There will doubtless be advantages in being able to reactivate telomerase in cells that ordinarily do not divide. A commonly cited example is in the case of burn victims. The best skin for transplanting onto burns is the victim’s own skin, and in the case of small burns this is entirely feasible and works well. In the case of massive burns, the victim simply doesn’t have enough skin. There have been attempts to grow some of an individual’s skin cells in vitro for reimplantation to a burn site, but this has not been terribly successful because of the slow and ultimately limited growth potential of normal skin cells in culture. If telomerase were reactivated in some of these cells, we could well see the growth of sufficient cells to provide clinically useful amounts of a patient’s own skin. The problem, of course, is how to stop the cells from continuing to grow once the burn site has been completely filled in. This is not beyond technical possibility, but great care would have to be taken to assure that cancer did not develop.

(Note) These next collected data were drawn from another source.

lemma Pts_E:
  assumes "p \<in> Pts"
  obtains v where "p = span1 v" "v \<in> Vec" "v 0 \<noteq> 0 \<or> v 1 \<noteq> 0 \<or> v 2 \<noteq> 0 \<or> v 3 \<noteq> 0"
proof -
  obtain v i where v: "p = span1 v" "v \<in> Vec" "v i \<noteq> 0" using assms unfolding Pts_def by auto
  then have "i < 4" unfolding Vec_def using not_less by auto
  then have "i = 0 \<or> i = 1 \<or> i = 2 \<or> i = 3" by auto
  then show ?thesis using v that by auto
qed

lemma chi_line:
  assumes "l \<in> Lns"
  shows "chi l (span1 v) = (if v \<in> l then 1 else 0)"
proof -
  obtain u w where "l = span2 u w" using assms unfolding Lns_def by blast
  then show ?thesis unfolding chi_def by (simp add: span1_sub)
qed

definition Lf :: "'a::field \<Rightarrow> 'a \<Rightarrow> 'a \<Rightarrow> (nat \<Rightarrow> 'a) set" where
  "Lf a b c = span2 (vec4 a b 1 0) (vec4 c a 0 1)"

definition Xf :: "'a::field \<Rightarrow> (nat \<Rightarrow> 'a) set" where
  "Xf b = span2 (vec4 1 0 0 0) (vec4 0 b 1 0)"

definition Mf :: "'a::field \<Rightarrow> 'a \<Rightarrow> (nat \<Rightarrow> 'a) set" where
  "Mf a b = span2 (vec4 a 1 0 0) (vec4 b 0 a 1)"

lemma memL: "v \<in> Vec \<Longrightarrow> v \<in> Lf a b c \<longleftrightarrow> v 0 = v 2 * a + v 3 * c \<and> v 1 = v 2 * b + v 3 * a"
  unfolding Lf_def by (simp add: Vec_span_mem all4)

lemma memX: "v \<in> Vec \<Longrightarrow> v \<in> Xf b \<longleftrightarrow> v 1 = v 2 * b \<and> v 3 = 0"
  unfolding Xf_def by (simp add: Vec_span_mem all4)

lemma memM: "v \<in> Vec \<Longrightarrow> v \<in> Mf a b \<longleftrightarrow> v 0 = v 1 * a + v 3 * b \<and> v 2 = v 3 * a"
  unfolding Mf_def by (simp add: Vec_span_mem all4)

lemma ebas_vec4: "ebas 0 = vec4 1 0 0 0" "ebas 1 = vec4 0 1 0 0"
  by (auto simp: ebas_def vec4_def fun_eq_iff)

lemma memL0: "v \<in> Vec \<Longrightarrow> v \<in> l0 \<longleftrightarrow> v 2 = 0 \<and> v 3 = 0"
  unfolding l0_def ebas_vec4 by (simp add: Vec_span_mem all4)

lemma Lf_Lns: "Lf a b c \<in> Lns"
  unfolding Lf_def
  by (intro span2_in_Lns vec4_Vec lin_indep2_unit[where i=2 and j=3]) (simp_all add: symp_def)

lemma Xf_Lns: "Xf b \<in> Lns"
  unfolding Xf_def
  by (intro span2_in_Lns vec4_Vec lin_indep2_unit[where i=0 and j=2]) (simp_all add: symp_def)

lemma Mf_Lns:
  assumes "(2::'a::field) = 0"
  shows "Mf (a::'a) b \<in> Lns"
proof -
  have "a + a = 0" using assms by (metis mult_2 mult_zero_left)
  then show ?thesis unfolding Mf_def
    by (intro span2_in_Lns vec4_Vec lin_indep2_unit[where i=1 and j=3]) (simp_all add: symp_def)
qed

lemma Lf_in_L1: "Lf a b c \<in> L1"
proof -
  have "\<not> (p \<subseteq> Lf a b c \<and> p \<subseteq> l0)" if "p \<in> Pts" for p
  proof
    assume p: "p \<subseteq> Lf a b c \<and> p \<subseteq> l0"
    obtain v where v: "p = span1 v" "v \<in> Vec" "v 0 \<noteq> 0 \<or> v 1 \<noteq> 0 \<or> v 2 \<noteq> 0 \<or> v 3 \<noteq> 0"
      using \<open>p \<in> Pts\<close> by (rule Pts_E)
    have "v \<in> Lf a b c" "v \<in> l0" using p v(1) in_span1[of v] by auto
    then show False using memL[OF v(2)] memL0[OF v(2)] v(3) by auto
  qed
  then show ?thesis unfolding L1_def using Lf_Lns by blast
qed

lemma Xf_in_X0: "Xf b \<in> X0"
proof -
  have "p0 \<subseteq> Xf b"
    unfolding p0_def Xf_def span1_sub ebas_vec4 by (simp add: span2_gens)
  moreover have "vec4 0 b 1 0 \<in> Xf b" "vec4 0 b 1 0 \<notin> l0"
    by (simp_all add: memX memL0)
  ultimately show ?thesis unfolding X0_def Xl_def using Xf_Lns by auto
qed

When the telomerase story broke, it was touted by some of the media as a possible key to human immortality. Simply find a way to switch telomerase on in our cells and, like the cells in culture, they (and we) will live forever. But remember that the cells in culture were all dividing vigorously; like tumor cells, they had overcome the natural barrier to unlimited proliferation. The likely outcome of turning on telomerase in all of our cells would not be immortality in the sense we might dream of, but the the eventual development of massive and uncontrollable tumors.

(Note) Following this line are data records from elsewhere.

lemma iso_extend_commuting_complement:
  assumes fin: "finite (carrier G)"
    and A: "subgroup A G" and N: "subgroup N G" and AN: "A <#> N = carrier G"
    and comm: "\<And>a n. a \<in> A \<Longrightarrow> n \<in> N \<Longrightarrow> a \<otimes> n = n \<otimes> a"
    and \<psi>_closed: "\<And>a. a \<in> A \<Longrightarrow> \<psi> a \<in> carrier G"
    and \<psi>_mult: "\<And>a b. a \<in> A \<Longrightarrow> b \<in> A \<Longrightarrow> \<psi> (a \<otimes> b) = \<psi> a \<otimes> \<psi> b"
    and \<psi>_comm: "\<And>a n. a \<in> A \<Longrightarrow> n \<in> N \<Longrightarrow> \<psi> a \<otimes> n = n \<otimes> \<psi> a"
    and \<psi>_fix: "\<And>d. d \<in> A \<Longrightarrow> d \<in> N \<Longrightarrow> \<psi> d = d"
    and \<psi>_inj: "\<And>a. a \<in> A \<Longrightarrow> \<psi> a \<in> N \<Longrightarrow> \<psi> a = a"
  obtains \<alpha> where "\<alpha> \<in> iso G G" and "\<And>n. n \<in> N \<Longrightarrow> \<alpha> n = n" and "\<And>a. a \<in> A \<Longrightarrow> \<alpha> a = \<psi> a"
proof -
  obtain \<alpha> where hom: "\<alpha> \<in> hom G G"
    and \<alpha>_factor: "\<And>a n. a \<in> A \<Longrightarrow> n \<in> N \<Longrightarrow> \<alpha> (a \<otimes> n) = \<psi> a \<otimes> n"
    using hom_extend_commuting_complement[OF A N AN comm \<psi>_closed \<psi>_mult \<psi>_comm \<psi>_fix] by blast
  interpret hom: group_hom G G \<alpha>
    using hom by (intro group_hom.intro group_hom_axioms.intro is_group)
  have Ac: "A \<subseteq> carrier G" and Nc: "N \<subseteq> carrier G" using A N subgroup.subset by auto
  have \<alpha>_N: "\<alpha> n = n" if "n \<in> N" for n
    using \<alpha>_factor[OF subgroup.one_closed[OF A] that] \<psi>_fix[of \<one>] A N that Nc
    by (auto simp: subgroup.one_closed)
  have \<alpha>_A: "\<alpha> a = \<psi> a" if "a \<in> A" for a
    using \<alpha>_factor[OF that subgroup.one_closed[OF N]] that Ac \<psi>_closed by auto
  have "kernel G G \<alpha> \<subseteq> {\<one>}"
  proof
    fix x assume "x \<in> kernel G G \<alpha>"
    then have x: "x \<in> carrier G" "\<alpha> x = \<one>" by (auto simp: kernel_def)
    then obtain a n where an: "a \<in> A" "n \<in> N" "x = a \<otimes> n"
      unfolding AN[symmetric] by (auto elim: set_mult_memE)
    have c: "n \<in> carrier G" "\<psi> a \<in> carrier G" using an Nc \<psi>_closed by auto
    have "\<psi> a \<otimes> n = \<one>" using \<alpha>_factor[OF an(1,2)] an x by simp
    then have "\<psi> a = inv n" using c by (simp add: inv_equality[symmetric] inv_comm)
    then have "\<psi> a \<in> N" using subgroup.m_inv_closed[OF N an(2)] by simp
    then have "a = \<psi> a" using \<psi>_inj[OF an(1)] by simp
    with \<open>\<psi> a \<otimes> n = \<one>\<close> an show "x \<in> {\<one>}" by simp
  qed
  then have "kernel G G \<alpha> = {\<one>}" by (auto simp: kernel_def)
  then have inj: "inj_on \<alpha> (carrier G)" using hom.inj_iff_trivial_ker by blast
  have "\<alpha> ` carrier G = carrier G"
    using endo_inj_surj[OF fin _ inj] hom.hom_closed by blast
  then have "\<alpha> \<in> iso G G" using hom inj by (simp add: iso_iff)
  with \<alpha>_N \<alpha>_A show ?thesis using that by blast
qed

Beyond that, we must remember that the majority of cells in the body do not divide, and for those cells replicative senescence is not a likely cause of aging in the first place. It is not at all obvious at present that reactivating telomerase in those cells would have any impact on aging of the tissues they make up. But this must be explored, and it will; current views could be wrong, in ways we cannot yet perceive. Could we rejuvenate those cells in our bodies that do divide, by reactivating telomerase? Possibly, if we could find a way to prevent them from becoming cancerous. But even if we could achieve that, aging in our other tissues - if it proves not to involve telomerase - would very likely proceed on schedule, and it is not clear that our overall rate of aging would be seriously altered. Nevertheless, the importance of the ability to manipulate a major component of cellular senescence cannot be over-exaggerated, and we will all want to follow this story closely as it develops.